Directions
Output exactly the first line of the listing and each line after it, through the line that contains "(-188)*a^5*b + 120*a^5*b^2"; add nothing else.
##############################
lemma hard_case_discriminants:
  fixes \<alpha> \<beta> \<gamma> a b :: real
  assumes "\<alpha> * \<beta> * \<gamma> = 1" "\<alpha> * (a + 2/3) = 1" "\<gamma> = b + 1/2"
    and box: "0 \<le> b" "b \<le> 14/25*a" "a \<le> 199/3000"
  defines "h \<equiv> 2 * (2 - \<alpha> - \<gamma>)"
  shows "(2*(h*(\<alpha>+\<beta>-1) + 1 - \<gamma>))^2 + 4*(\<alpha>*(1+h))*((\<alpha>+\<beta>)*(1-h) + 2*\<gamma> - 4) \<le> 0"
    and "(2*(h*(\<alpha>+\<beta>-1) + 1))^2 + 4*(\<alpha>*(1+h))*((\<alpha>+\<beta>)*(1-h) + \<gamma>*(1+h) - 4) \<le> 0"
proof -
  have pos: "0 < (a + 2/3)^4 * \<gamma>^2" using box assms(3) by simp
  have "(a + 2/3)^4 * \<gamma>^2
      * ((2*(h*(\<alpha>+\<beta>-1) + 1 - \<gamma>))^2 + 4*(\<alpha>*(1+h))*((\<alpha>+\<beta>)*(1-h) + 2*\<gamma> - 4))
    = 160/243*b + 3664/729*b^2 + 64/243*b^3 + (-704/81)*b^4 + (-64/27)*a + (-712/81)*a*b
        + 3680/81*a*b^2 + 3040/81*a*b^3 + (-1024/27)*a*b^4 + (-67/9)*a^2 + (-2368/27)*a^2*b
        + 260/3*a^2*b^2 + 2608/27*a^2*b^3 + (-160/3)*a^2*b^4 + 59/3*a^3 + (-178)*a^3*b
        + 3700/27*a^3*b^2 + 296/9*a^3*b^3 + (-64/3)*a^3*b^4 + 265/4*a^4 + (-620/3)*a^4*b
        + 634/3*a^4*b^2 + (-160/3)*a^4*b^3 + 4*a^4*b^4 + 66*a^5 + (-188)*a^5*b + 120*a^5*b^2
        + (-16)*a^5*b^3 + 36*a^6 + (-48)*a^6*b + 16*a^6*b^2"
    using assms(1-3) h_def by algebra
  also have "\<dots> \<le> 0" using hard_case_poly_P_nonpos[OF box] .
  finally show "(2*(h*(\<alpha>+\<beta>-1) + 1 - \<gamma>))^2 + 4*(\<alpha>*(1+h))*((\<alpha>+\<beta>)*(1-h) + 2*\<gamma> - 4) \<le> 0"
    using pos by (metis mult_le_cancel_left_pos mult_zero_right)
  have "(a + 2/3)^4 * \<gamma>^2
      * ((2*(h*(\<alpha>+\<beta>-1) + 1))^2 + 4*(\<alpha>*(1+h))*((\<alpha>+\<beta>)*(1-h) + \<gamma>*(1+h) - 4))
    = (-40/243)*b + 1264/729*b^2 + (-448/243)*b^3 + (-320/81)*b^4 + 128/27*b^5 + (-14/27)*a
        + (-68/9)*a*b + 640/27*a*b^2 + 32/81*a*b^3 + (-928/27)*a*b^4 + 64/3*a*b^5 + 11/3*a^2
        + (-496/9)*a^2*b + 1936/27*a^2*b^2 + 248/27*a^2*b^3 + (-208/3)*a^2*b^4 + 32*a^2*b^5
        + 116/3*a^3 + (-1060/9)*a^3*b + 3886/27*a^3*b^2 + (-452/9)*a^3*b^3 + (-88/3)*a^3*b^4
        + 16*a^3*b^5 + 80*a^4 + (-168)*a^4*b + 204*a^4*b^2 + (-320/3)*a^4*b^3 + 16*a^4*b^4
        + 72*a^5 + (-168)*a^5*b + 128*a^5*b^2 + (-32)*a^5*b^3 + 36*a^6 + (-48)*a^6*b + 16*a^6*b^2"
    using assms(1-3) h_def by algebra
  also have "\<dots> \<le> 0" using hard_case_poly_Q_nonpos[OF box] .
  finally show "(2*(h*(\<alpha>+\<beta>-1) + 1))^2 + 4*(\<alpha>*(1+h))*((\<alpha>+\<beta>)*(1-h) + \<gamma>*(1+h) - 4) \<le> 0"
    using pos by (metis mult_le_cancel_left_pos mult_zero_right)
qed

lemma short_side_hard_case:
  fixes \<alpha> \<beta> \<gamma> x y z :: real
  assumes "\<beta> \<le> \<alpha>" "\<gamma> \<le> \<beta>" "1/2 \<le> \<gamma>" "\<alpha> * \<beta> * \<gamma> = 1" "\<alpha> < 2"
    and "0 < \<alpha>^2 + 1 + \<alpha>*\<beta> + \<alpha>*\<gamma> - 4*\<alpha>"
    and x: "0 \<le> x" "x \<le> 1" and y: "0 \<le> y" "y \<le> 1" and z: "0 \<le> z" "z \<le> 1"
  shows "\<alpha>*x^2 + \<beta>*(1-y)^2 + \<gamma> \<le> 2 \<or> \<alpha> + \<beta>*y^2 + \<gamma>*z^2 \<le> 2
    \<or> \<alpha>*(1-x)^2 + \<beta> + \<gamma>*(1-z)^2 \<le> 2"
proof -
  have "0 < \<gamma>" "0 < \<beta>" "0 < \<alpha>" using assms(1-3) by linarith+
  define a b h where "a = 1/\<alpha> - 2/3" and "b = \<gamma> - 1/2" and "h = 2 * (2 - \<alpha> - \<gamma>)"
  have "\<alpha> * (a + 2/3) = 1" "\<gamma> = b + 1/2" using \<open>0 < \<alpha>\<close> by (simp_all add: a_def b_def)
  moreover have "0 \<le> b" "b \<le> 14/25*a" "a \<le> 199/3000"
    using sorted_hard_case_box[OF assms(1-6)] assms(3) by (simp_all add: a_def b_def)
  ultimately have d: "0 \<le> 2 - \<alpha> - \<gamma>" "4 * \<beta> * (2 - \<alpha> - \<gamma>) \<le> 1"
    and disc: "(2*(h*(\<alpha>+\<beta>-1) + 1 - \<gamma>))^2 + 4*(\<alpha>*(1+h))*((\<alpha>+\<beta>)*(1-h) + 2*\<gamma> - 4) \<le> 0"
      "(2*(h*(\<alpha>+\<beta>-1) + 1))^2 + 4*(\<alpha>*(1+h))*((\<alpha>+\<beta>)*(1-h) + \<gamma>*(1+h) - 4) \<le> 0"
    using hard_case_h_bounds[OF assms(4)] hard_case_discriminants[OF assms(4), folded h_def]
    by blast+
  show ?thesis
  proof (cases "\<alpha> + \<beta>*y^2 + \<gamma>*z^2 \<le> 2")
    case False
    have "\<beta> * h^2 = (4 * \<beta> * (2 - \<alpha> - \<gamma>)) * (2 - \<alpha> - \<gamma>)"
      by (simp add: h_def power2_eq_square algebra_simps)
    also have "\<dots> \<le> 2 - \<alpha> - \<gamma>" using mult_right_mono[OF d(2,1)] by simp
    also have "\<dots> < \<beta> * y^2"
    proof -
      have "\<gamma> * z^2 \<le> \<gamma> * 1" using z \<open>0 < \<gamma>\<close> by (intro mult_left_mono) (auto simp: power_le_one)
      with False show ?thesis by linarith
    qed
    finally have "h \<le> y" using \<open>0 < \<beta>\<close> y by (simp add: power_less_imp_less_base less_imp_le)
    moreover have "0 \<le> h" using d(1) by (simp add: h_def)
    ultimately show ?thesis
      using short_side_of_discriminants[OF \<open>0 < \<alpha>\<close> _ _ _ _ y(2) x z disc] \<open>0 < \<beta>\<close> \<open>0 < \<gamma>\<close> by simp
  qed simp
qed

lemma short_side_sorted:
  fixes \<alpha> \<beta> \<gamma> x y z :: real
  assumes "\<beta> \<le> \<alpha>" "\<gamma> \<le> \<beta>" "1/2 \<le> \<gamma>" "\<alpha> * \<beta> * \<gamma> = 1"
    and xyz: "0 \<le> x" "x \<le> 1" "0 \<le> y" "y \<le> 1" "0 \<le> z" "z \<le> 1"
  shows "\<alpha>*x^2 + \<beta>*(1-y)^2 + \<gamma> \<le> 2 \<or> \<alpha> + \<beta>*y^2 + \<gamma>*z^2 \<le> 2
    \<or> \<alpha>*(1-x)^2 + \<beta> + \<gamma>*(1-z)^2 \<le> 2"
proof -
  have "1/2 \<le> \<beta>" "0 < \<alpha>" using assms(1-3) by linarith+
  consider "2 \<le> \<alpha>" | "\<alpha> < 2" "\<alpha>^2 + 1 + \<alpha>*\<beta> + \<alpha>*\<gamma> - 4*\<alpha> \<le> 0"
    | "\<alpha> < 2" "0 < \<alpha>^2 + 1 + \<alpha>*\<beta> + \<alpha>*\<gamma> - 4*\<alpha>"
    by linarith
  then show ?thesis
  proof cases
    case 1
    show ?thesis using short_side_large_edge[OF 1 \<open>1/2 \<le> \<beta>\<close> assms(3,4) xyz] .
  next
    case 2
    show ?thesis using short_side_G_nonpos[OF \<open>0 < \<alpha>\<close> _ _ 2(2) xyz] assms(3) \<open>1/2 \<le> \<beta>\<close> by simp
  next
    case 3
    show ?thesis using short_side_hard_case[OF assms(1-4) 3 xyz] .
  qed
qed

lemma short_side:
  fixes \<alpha> \<beta> \<gamma> x y z :: real
  assumes "1/2 \<le> \<alpha>" "1/2 \<le> \<beta>" "1/2 \<le> \<gamma>" "\<alpha> * \<beta> * \<gamma> = 1"
    and x: "0 \<le> x" "x \<le> 1" and y: "0 \<le> y" "y \<le> 1" and z: "0 \<le> z" "z \<le> 1"
  shows "\<alpha>*x^2 + \<beta>*(1-y)^2 + \<gamma> \<le> 2 \<or> \<alpha> + \<beta>*y^2 + \<gamma>*z^2 \<le> 2
    \<or> \<alpha>*(1-x)^2 + \<beta> + \<gamma>*(1-z)^2 \<le> 2"
proof -
  have x': "0 \<le> 1-x" "1-x \<le> 1" and y': "0 \<le> 1-y" "1-y \<le> 1" and z': "0 \<le> 1-z" "1-z \<le> 1"
    using x y z by auto
  consider "\<beta> \<le> \<alpha>" "\<gamma> \<le> \<beta>" | "\<gamma> \<le> \<alpha>" "\<beta> \<le> \<gamma>" | "\<alpha> \<le> \<beta>" "\<gamma> \<le> \<alpha>"
    | "\<alpha> \<le> \<gamma>" "\<gamma> \<le> \<beta>" | "\<alpha> \<le> \<gamma>" "\<beta> \<le> \<alpha>" | "\<beta> \<le> \<gamma>" "\<alpha> \<le> \<beta>"
    by linarith
  then show ?thesis
  proof cases
    case 1
    then show ?thesis using short_side_sorted[OF _ _ assms(3,4) x y z] by blast
  next
    case 2
    have "\<alpha> * \<gamma> * \<beta> = 1" using assms(4) by (simp add: mult_ac)
    from short_side_sorted[OF 2 assms(2) this x' z y] show ?thesis by (auto simp: algebra_simps)
  next
    case 3
    have "\<beta> * \<alpha> * \<gamma> = 1" using assms(4) by (simp add: mult_ac)
    from short_side_sorted[OF 3 assms(3) this y' x' z'] show ?thesis by (auto simp: algebra_simps)
  next
    case 4
    have "\<beta> * \<gamma> * \<alpha> = 1" using assms(4) by (simp add: mult_ac)
    from short_side_sorted[OF 4(2,1) assms(1) this y z' x'] show ?thesis by (auto simp: algebra_simps)
  next
    case 5
    have "\<gamma> * \<alpha> * \<beta> = 1" using assms(4) by (simp add: mult_ac)
    from short_side_sorted[OF 5 assms(2) this z' x y'] show ?thesis by (auto simp: algebra_simps)
  next
    case 6
    have "\<gamma> * \<beta> * \<alpha> = 1" using assms(4) by (simp add: mult_ac)
    from short_side_sorted[OF 6 assms(1) this z y' x] show ?thesis by (auto simp: algebra_simps)
  qed
qed

section \<open>Squared sides of a triangle on skew edges\<close>

lemma brick_point_dist_sq:
  assumes "brick_data p u a"
  shows "(dist (brick_point p u a t) (brick_point p u a t'))^2
    = ((t 1 - t' 1) * a 1)^2 + ((t 2 - t' 2) * a 2)^2 + ((t 3 - t' 3) * a 3)^2"
proof -
  from assms have o: "u 1 \<bullet> u 1 = 1" "u 2 \<bullet> u 2 = 1" "u 3 \<bullet> u 3 = 1" "u 1 \<bullet> u 2 = 0" "u 1 \<bullet> u 3 = 0"
    "u 2 \<bullet> u 1 = 0" "u 2 \<bullet> u 3 = 0" "u 3 \<bullet> u 1 = 0" "u 3 \<bullet> u 2 = 0"
    unfolding brick_data_def by auto
  define d1 d2 d3 where "d1 = (t 1 - t' 1) * a 1" and "d2 = (t 2 - t' 2) * a 2"
    and "d3 = (t 3 - t' 3) * a 3"
  have "brick_point p u a t - brick_point p u a t' = d1 *\<^sub>R u 1 + d2 *\<^sub>R u 2 + d3 *\<^sub>R u 3"
    unfolding brick_point_def d1_def d2_def d3_def by (simp add: algebra_simps scaleR_diff_left)
  then have "(dist (brick_point p u a t) (brick_point p u a t'))^2
      = (d1 *\<^sub>R u 1 + d2 *\<^sub>R u 2 + d3 *\<^sub>R u 3) \<bullet> (d1 *\<^sub>R u 1 + d2 *\<^sub>R u 2 + d3 *\<^sub>R u 3)"
    by (simp add: dist_norm power2_norm_eq_inner)
  also have "\<dots> = d1^2 + d2^2 + d3^2"
    using o by (simp add: inner_add_left inner_add_right power2_eq_square)
  finally show ?thesis by (simp add: d1_def d2_def d3_def)
qed

lemma brick_edge_memE:
  assumes "P \<in> brick_edge p u a i c"
  obtains t where "P = brick_point p u a t" "0 \<le> t i" "t i \<le> 1" "\<forall>j\<in>{1,2,3}-{i}. t j = c j"
  using assms unfolding brick_edge_def by blast
lemma emeasure_Zbar0_delta_plus:
  assumes A: "A \<in> sets borel"
  shows "emeasure (Zbar0 n Zp w p c k) A = ennreal (1 / real n) *
          (\<Sum>j\<in>{j. 1 \<le> j \<and> j \<le> Zp \<and> c j = k}. emeasure (delta_plus (w j, p j)) A)"
proof -
  let ?J = "{j. 1 \<le> j \<and> j \<le> Zp \<and> c j = k}"
  have sa: "sigma_algebra UNIV (sets (borel :: (real \<times> real) measure))"
    using sets.sigma_algebra_axioms[of "borel :: (real \<times> real) measure"] by simp
  have pos: "positive (sets borel) (\<lambda>A. ennreal (1 / real n) *
          (\<Sum>j\<in>?J. emeasure (delta_plus (w j, p j)) A))"
    by (simp add: positive_def)
  have ca: "countably_additive (sets borel) (\<lambda>A. ennreal (1 / real n) *
          (\<Sum>j\<in>?J. emeasure (delta_plus (w j, p j)) A))"
    unfolding countably_additive_def
  proof (intro allI impI)
    fix F :: "nat \<Rightarrow> (real \<times> real) set"
    assume F: "range F \<subseteq> sets borel" "disjoint_family F" "\<Union> (range F) \<in> sets borel"
    have "(\<Sum>i. (\<Sum>j\<in>?J. emeasure (delta_plus (w j, p j)) (F i)))
        = (\<Sum>j\<in>?J. \<Sum>i. emeasure (delta_plus (w j, p j)) (F i))"
      by (rule suminf_sum) simp
    also have "\<dots> = (\<Sum>j\<in>?J. emeasure (delta_plus (w j, p j)) (\<Union> (range F)))"
      by (intro sum.cong refl suminf_emeasure) (use F in auto)
    finally show "(\<Sum>i. ennreal (1 / real n) * (\<Sum>j\<in>?J. emeasure (delta_plus (w j, p j)) (F i)))
        = ennreal (1 / real n) * (\<Sum>j\<in>?J. emeasure (delta_plus (w j, p j)) (\<Union> (range F)))"
      by simp
  qed
  show ?thesis
    unfolding Zbar0_def by (rule emeasure_measure_of_sigma[OF sa pos ca A])
qed
(* Let $r\ge 3$. There exists an uncountable set of $r$-tuples $(\alpha_1,\dots,\alpha_r)\in\mathbb{R}^r$, each such that $1,\alpha_1,\dots,\alpha_r$ are linearly independent over $\mathbb{Q}$, with the following property: there is a three-dimensional sublattice $\Lambda(\alpha_1,\dots,\alpha_r)$ of $\mathbb{Z}^{r+1}$ such that the best approximations $m_\nu$ (in the sense of linear form) for $(\alpha_1,\dots,\alpha_r)$ lie in $\Lambda(\alpha_1,\dots,\alpha_r)$ for all sufficiently large $\nu$.
   Context: For real $\alpha_1,\dots,\alpha_r$ and $m=(m_0,\dots,m_r)\in\mathbb{Z}^{r+1}\setminus\{0\}$ put $\zeta(m)=|m_0+m_1\alpha_1+\dots+m_r\alpha_r|$ and $M=\max_{0\le j\le r}|m_j|$. A point $m\in\mathbb{Z}^{r+1}\setminus\{0\}$ is a best approximation (in the sense of linear form) if $\zeta(m)=\min\{\zeta(n): n\in\mathbb{Z}^{r+1}\setminus\{0\},\ \max_j|n_j|\le M\}$. The best approximations are ordered as $m_1,m_2,\dots$ so that $\zeta(m_1)>\zeta(m_2)>\dots$ and $M_1<M_2<\dots$, where $M_\nu=\max_j|m_{j,\nu}|$. *)

theory Defs
  imports Complex_Main "HOL-Library.Countable_Set"
begin

text \<open>Integer vectors in Z^(r+1) are modelled as functions nat => int supported on {0..r};
  tuples (alpha_1,...,alpha_r) as functions nat => real supported on {1..r}.\<close>

definition intvec :: "nat \<Rightarrow> (nat \<Rightarrow> int) set" where
  "intvec r = {m. \<forall>j>r. m j = 0}"

definition realtuple :: "nat \<Rightarrow> (nat \<Rightarrow> real) set" where
  "realtuple r = {\<alpha>. \<forall>i. (i = 0 \<or> i > r) \<longrightarrow> \<alpha> i = 0}"

definition zeta :: "nat \<Rightarrow> (nat \<Rightarrow> real) \<Rightarrow> (nat \<Rightarrow> int) \<Rightarrow> real" where
  "zeta r \<alpha> m = \<bar>real_of_int (m 0) + (\<Sum>j=1..r. real_of_int (m j) * \<alpha> j)\<bar>"

definition maxnorm :: "nat \<Rightarrow> (nat \<Rightarrow> int) \<Rightarrow> int" where
  "maxnorm r m = Max ((\<lambda>j. \<bar>m j\<bar>) ` {0..r})"

definition best_approx :: "nat \<Rightarrow> (nat \<Rightarrow> real) \<Rightarrow> (nat \<Rightarrow> int) \<Rightarrow> bool" where
  "best_approx r \<alpha> m \<longleftrightarrow> m \<in> intvec r \<and> m \<noteq> (\<lambda>_. 0) \<and>
     (\<forall>n \<in> intvec r. n \<noteq> (\<lambda>_. 0) \<and> maxnorm r n \<le> maxnorm r m \<longrightarrow> zeta r \<alpha> m \<le> zeta r \<alpha> n)"
lemma sum_deal0_le: "v \<in> V \<Longrightarrow> (\<Sum>e\<in>Eset E v. deal0 E w \<beta> e) \<le> \<beta> * w v"
proof (cases "Eset E v = {}")
  case False
  assume v: "v \<in> V"
  have finite_Eset_v: "finite (Eset E v)"
    using finite_Eset[OF finite_hyperedges[OF finite_V]] hyperedges by blast
  have "(\<Sum>e\<in>Eset E v. deal0 E w \<beta> e) \<le> (\<Sum>e\<in>Eset E v. \<beta> * (w v / real (card (Eset E v))))"
    using hyperedges finite_V beta_nonneg
    by (intro sum_mono deal0_le) (auto simp: Eset_def intro: finite_subset)
  also have "\<dots> = \<beta> * w v"
    using False finite_Eset_v by simp
  finally show ?thesis .
qed (use beta_nonneg weight_nonneg in simp)

lemma invariant_init: "invariant (mwhvc_init V E w \<beta>)"
proof -
  have "0 \<le> deal0 E w \<beta> e" if "e \<in> E" for e
    using that hyperedges finite_V weight_nonneg beta_nonneg
    by (intro deal0_nonneg) (auto intro: finite_subset)
  moreover have "(\<Sum>e\<in>Eset E v. deal0 E w \<beta> e) \<le> w v" if "v \<in> V" for v
    using sum_deal0_le[OF that] beta_le_one beta_nonneg weight_nonneg that
    by (meson mult_left_le_one_le order_trans)
  ultimately show ?thesis
    using sum_deal0_le unfolding invariant_def mwhvc_init_def by auto
qed

lemma invariant_mwhvc: "invariant (mwhvc V E w \<beta> \<alpha> i)"
  by (induction i) (simp_all add: invariant_init invariant_step)

lemma sum_dlt_le_opt_frac: "invariant s \<Longrightarrow> (\<Sum>e\<in>E. dlt s e) \<le> opt_frac V E w"
  using finite_V hyperedges dlt_nonneg load_le_weight by (intro sum_packing_le_opt_frac) auto

lemma weight_inC_le:
  assumes inv: "invariant s" and rank: "\<forall>e\<in>E. card e \<le> f"
    and beta: "\<beta> = \<epsilon> / (real f + \<epsilon>)" and "0 < \<epsilon>"
  shows "(\<Sum>v\<in>inC s. w v) \<le> (real f + \<epsilon>) * (\<Sum>e\<in>E. dlt s e)"
proof (cases "inC s = {}")
  case True
  then show ?thesis
    using dlt_nonneg[OF inv] \<open>0 < \<epsilon>\<close> by (simp add: sum_nonneg)
next
  case False
  then obtain v e where "v \<in> inC s" and "e \<in> Eset E v"
    using inC_tight[OF inv] by blast
  then have "e \<in> E" and "v \<in> e" by (auto simp: Eset_def)
  then have "0 < card e"
    using hyperedges finite_V by (auto intro: finite_subset simp: card_gt_0_iff)
  then have "0 < f"
    using rank \<open>e \<in> E\<close> by (meson less_le_trans)
  have "(1 - \<beta>) * (\<Sum>v\<in>inC s. w v) \<le> real f * (\<Sum>e\<in>E. dlt s e)"
    using finite_V hyperedges rank dlt_nonneg[OF inv] inC_tight[OF inv]
    by (intro weight_le_rank_times_packing) auto
  moreover have "1 - \<beta> = real f / (real f + \<epsilon>)"
    using beta \<open>0 < \<epsilon>\<close> by (simp add: field_simps)
  ultimately have "real f * (\<Sum>v\<in>inC s. w v) \<le> real f * ((real f + \<epsilon>) * (\<Sum>e\<in>E. dlt s e))"
    using \<open>0 < \<epsilon>\<close> by (simp add: field_simps)
  then show ?thesis
    using \<open>0 < f\<close> by simp
qed

end

theorem mainTheorem3:
  fixes V :: "'v set" and E :: "'v set set" and w :: "'v \<Rightarrow> real"
    and f :: nat and \<epsilon> \<alpha> :: real and i :: nat
  assumes "finite V"
    and "\<forall>e\<in>E. e \<noteq> {} \<and> e \<subseteq> V \<and> card e \<le> f"
    and "\<forall>v\<in>V. w v \<ge> 0"
    and "max_degree V E \<ge> 3"
    and "0 < \<epsilon>" and "\<epsilon> \<le> 1"
    and "\<alpha> > 1"
    and "mwhvc_terminated V E (mwhvc V E w (\<epsilon> / (real f + \<epsilon>)) \<alpha> i)"
  shows "(\<forall>e\<in>E. e \<inter> inC (mwhvc V E w (\<epsilon> / (real f + \<epsilon>)) \<alpha> i) \<noteq> {})
       \<and> (\<Sum>v\<in>inC (mwhvc V E w (\<epsilon> / (real f + \<epsilon>)) \<alpha> i). w v)
           \<le> (real f + \<epsilon>) * opt_frac V E w"
proof -
  define \<beta> where "\<beta> = \<epsilon> / (real f + \<epsilon>)"
  define s where "s = mwhvc V E w \<beta> \<alpha> i"
  interpret mwhvc_run V E w \<beta> \<alpha>
    using assms(1-3,5,7) unfolding \<beta>_def by unfold_locales auto
  have inv: "invariant s"
    unfolding s_def by (rule invariant_mwhvc)
  have "E \<subseteq> cov s"
    using assms(8) unfolding mwhvc_terminated_def s_def \<beta>_def by blast
  then have cover: "\<forall>e\<in>E. e \<inter> inC s \<noteq> {}"
    using cov_meets_inC[OF inv] by blast
  (* The hypotheses on the maximum degree and on eps <= 1 only matter for the round
     complexity of the algorithm, not for its approximation ratio. *)
  have "(\<Sum>v\<in>inC s. w v) \<le> (real f + \<epsilon>) * (\<Sum>e\<in>E. dlt s e)"
    using weight_inC_le[OF inv _ \<beta>_def assms(5)] assms(2) by blast
  also have "\<dots> \<le> (real f + \<epsilon>) * opt_frac V E w"
    using sum_dlt_le_opt_frac[OF inv] assms(5) by (intro mult_left_mono) auto
  finally show ?thesis
    using cover unfolding s_def \<beta>_def by blast
qed

end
##############################
Answer to the exercise
lemma hard_case_discriminants:
  fixes \<alpha> \<beta> \<gamma> a b :: real
  assumes "\<alpha> * \<beta> * \<gamma> = 1" "\<alpha> * (a + 2/3) = 1" "\<gamma> = b + 1/2"
    and box: "0 \<le> b" "b \<le> 14/25*a" "a \<le> 199/3000"
  defines "h \<equiv> 2 * (2 - \<alpha> - \<gamma>)"
  shows "(2*(h*(\<alpha>+\<beta>-1) + 1 - \<gamma>))^2 + 4*(\<alpha>*(1+h))*((\<alpha>+\<beta>)*(1-h) + 2*\<gamma> - 4) \<le> 0"
    and "(2*(h*(\<alpha>+\<beta>-1) + 1))^2 + 4*(\<alpha>*(1+h))*((\<alpha>+\<beta>)*(1-h) + \<gamma>*(1+h) - 4) \<le> 0"
proof -
  have pos: "0 < (a + 2/3)^4 * \<gamma>^2" using box assms(3) by simp
  have "(a + 2/3)^4 * \<gamma>^2
      * ((2*(h*(\<alpha>+\<beta>-1) + 1 - \<gamma>))^2 + 4*(\<alpha>*(1+h))*((\<alpha>+\<beta>)*(1-h) + 2*\<gamma> - 4))
    = 160/243*b + 3664/729*b^2 + 64/243*b^3 + (-704/81)*b^4 + (-64/27)*a + (-712/81)*a*b
        + 3680/81*a*b^2 + 3040/81*a*b^3 + (-1024/27)*a*b^4 + (-67/9)*a^2 + (-2368/27)*a^2*b
        + 260/3*a^2*b^2 + 2608/27*a^2*b^3 + (-160/3)*a^2*b^4 + 59/3*a^3 + (-178)*a^3*b
        + 3700/27*a^3*b^2 + 296/9*a^3*b^3 + (-64/3)*a^3*b^4 + 265/4*a^4 + (-620/3)*a^4*b
        + 634/3*a^4*b^2 + (-160/3)*a^4*b^3 + 4*a^4*b^4 + 66*a^5 + (-188)*a^5*b + 120*a^5*b^2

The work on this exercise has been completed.